lemma nega_val_less_if_alt_lex_less:
  assumes R2: "\<forall>k\<ge>1. 2 \<le> R k" and QR: "\<forall>k\<ge>1. Q k \<le> R k"
    and a1: "admissible Q e1" and a2: "admissible Q e2" and less: "alt_lex_less e1 e2"
  shows "nega_val R e1 < nega_val R e2"
proof -
  have d1: "digit_seq Q e1" and d2: "digit_seq Q e2"
    using a1 a2 by (auto simp: admissible_def)
  obtain m where m: "1 \<le> m" and eq: "\<forall>n<m. e1 n = e2 n"
    and lead: "if even m then e1 m < e2 m else e2 m < e1 m"
    using less unfolding alt_lex_less_def by blast
  then obtain k where k: "m = Suc k" by (cases m) auto
  define u where "u n = (-1) ^ Suc n * (real (e2 (Suc n)) - real (e1 (Suc n)))" for n
  define w where "w n = 1 / qprod R (Suc n)" for n
  define c where "c n = real (R (Suc n)) - 1" for n
  have diff: "nega_val R e2 - nega_val R e1 = (\<Sum>n. u n * w n)"
    using suminf_diff[OF nega_val_summable[OF R2 QR d2] nega_val_summable[OF R2 QR d1]]
    by (simp add: nega_val_def u_def w_def diff_divide_distrib right_diff_distrib)
  have digit_diff: "\<bar>real (e2 n) - real (e1 n)\<bar> \<le> real (Q n) - 1" if "1 \<le> n" for n
  proof -
    have "e1 n < Q n" "e2 n < Q n" using d1 d2 that by (auto simp: digit_seq_def)
    then show ?thesis by linarith
  qed
  have "0 < (\<Sum>n. u n * w n) \<or> (\<forall>n>k. u n = - c n)"
  proof (rule weighted_sum_pos_or_extremal)
    show "0 < w n" for n using qprod_pos[OF R2] by (simp add: w_def)
    show "u n = 0" if "n < k" for n using eq that k by (simp add: u_def)
    show "1 \<le> u k" using lead k by (cases "even k") (auto simp: u_def)
    show "\<bar>u n\<bar> \<le> c n" if "k < n" for n
    proof -
      have "Q (Suc n) \<le> R (Suc n)" using QR by simp
      then show ?thesis using digit_diff[of "Suc n"] by (simp add: u_def c_def abs_mult)
    qed
    show "summable (\<lambda>n. c n * w n)"
      using sums_summable[OF qprod_tail_sums[OF R2, of 0]] by (simp add: c_def w_def)
    show "(\<Sum>j. c (j + Suc k) * w (j + Suc k)) \<le> w k"
      using sums_unique[OF qprod_tail_sums[OF R2, of "Suc k"]] by (simp add: c_def w_def)
  qed
  moreover have "\<not> (\<forall>n>k. u n = - c n)"
  proof
    assume ext: "\<forall>n>k. u n = - c n"
    have "(-1) ^ n * (real (e2 n) - real (e1 n)) = 1 - real (Q n)" if mn: "m < n" for n
    proof -
      obtain n' where n: "n = Suc n'" "k < n'" using mn k by (cases n) auto
      have "Q n \<le> R n" using QR n by simp
      moreover have "(-1) ^ n * (real (e2 n) - real (e1 n)) = 1 - real (R n)"
        using ext n by (simp add: u_def c_def)
      moreover have "\<bar>(-1) ^ n * (real (e2 n) - real (e1 n))\<bar> \<le> real (Q n) - 1"
        using digit_diff[of n] n by (simp add: abs_mult)
      ultimately show ?thesis by linarith
    qed
    then have "second_rep Q e1 \<or> second_rep Q e2"
      using second_rep_if_extremal_tail[OF d1 d2 m lead] by blast
    then show False using a1 a2 by (auto simp: admissible_def)
  qed
  ultimately show ?thesis using diff by auto
qed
* * * *
* _EXERCISE REQUIREMENTS_
Would you please repeat the entire listing, line for line?

* _OUTPUT FOR THIS TASK_
lemma nega_val_less_if_alt_lex_less:
  assumes R2: "\<forall>k\<ge>1. 2 \<le> R k" and QR: "\<forall>k\<ge>1. Q k \<le> R k"
    and a1: "admissible Q e1" and a2: "admissible Q e2" and less: "alt_lex_less e1 e2"
  shows "nega_val R e1 < nega_val R e2"
proof -
  have d1: "digit_seq Q e1" and d2: "digit_seq Q e2"
    using a1 a2 by (auto simp: admissible_def)
  obtain m where m: "1 \<le> m" and eq: "\<forall>n<m. e1 n = e2 n"
    and lead: "if even m then e1 m < e2 m else e2 m < e1 m"
    using less unfolding alt_lex_less_def by blast
  then obtain k where k: "m = Suc k" by (cases m) auto
  define u where "u n = (-1) ^ Suc n * (real (e2 (Suc n)) - real (e1 (Suc n)))" for n
  define w where "w n = 1 / qprod R (Suc n)" for n
  define c where "c n = real (R (Suc n)) - 1" for n
  have diff: "nega_val R e2 - nega_val R e1 = (\<Sum>n. u n * w n)"
    using suminf_diff[OF nega_val_summable[OF R2 QR d2] nega_val_summable[OF R2 QR d1]]
    by (simp add: nega_val_def u_def w_def diff_divide_distrib right_diff_distrib)
  have digit_diff: "\<bar>real (e2 n) - real (e1 n)\<bar> \<le> real (Q n) - 1" if "1 \<le> n" for n
  proof -
    have "e1 n < Q n" "e2 n < Q n" using d1 d2 that by (auto simp: digit_seq_def)
    then show ?thesis by linarith
  qed
  have "0 < (\<Sum>n. u n * w n) \<or> (\<forall>n>k. u n = - c n)"
  proof (rule weighted_sum_pos_or_extremal)
    show "0 < w n" for n using qprod_pos[OF R2] by (simp add: w_def)
    show "u n = 0" if "n < k" for n using eq that k by (simp add: u_def)
    show "1 \<le> u k" using lead k by (cases "even k") (auto simp: u_def)
    show "\<bar>u n\<bar> \<le> c n" if "k < n" for n
    proof -
      have "Q (Suc n) \<le> R (Suc n)" using QR by simp
      then show ?thesis using digit_diff[of "Suc n"] by (simp add: u_def c_def abs_mult)
    qed
    show "summable (\<lambda>n. c n * w n)"
      using sums_summable[OF qprod_tail_sums[OF R2, of 0]] by (simp add: c_def w_def)
    show "(\<Sum>j. c (j + Suc k) * w (j + Suc k)) \<le> w k"
      using sums_unique[OF qprod_tail_sums[OF R2, of "Suc k"]] by (simp add: c_def w_def)
  qed
  moreover have "\<not> (\<forall>n>k. u n = - c n)"
  proof
    assume ext: "\<forall>n>k. u n = - c n"
    have "(-1) ^ n * (real (e2 n) - real (e1 n)) = 1 - real (Q n)" if mn: "m < n" for n
    proof -
      obtain n' where n: "n = Suc n'" "k < n'" using mn k by (cases n) auto
      have "Q n \<le> R n" using QR n by simp
      moreover have "(-1) ^ n * (real (e2 n) - real (e1 n)) = 1 - real (R n)"
        using ext n by (simp add: u_def c_def)
      moreover have "\<bar>(-1) ^ n * (real (e2 n) - real (e1 n))\<bar> \<le> real (Q n) - 1"
        using digit_diff[of n] n by (simp add: abs_mult)
      ultimately show ?thesis by linarith
    qed
    then have "second_rep Q e1 \<or> second_rep Q e2"
      using second_rep_if_extremal_tail[OF d1 d2 m lead] by blast
    then show False using a1 a2 by (auto simp: admissible_def)
  qed
  ultimately show ?thesis using diff by auto
qed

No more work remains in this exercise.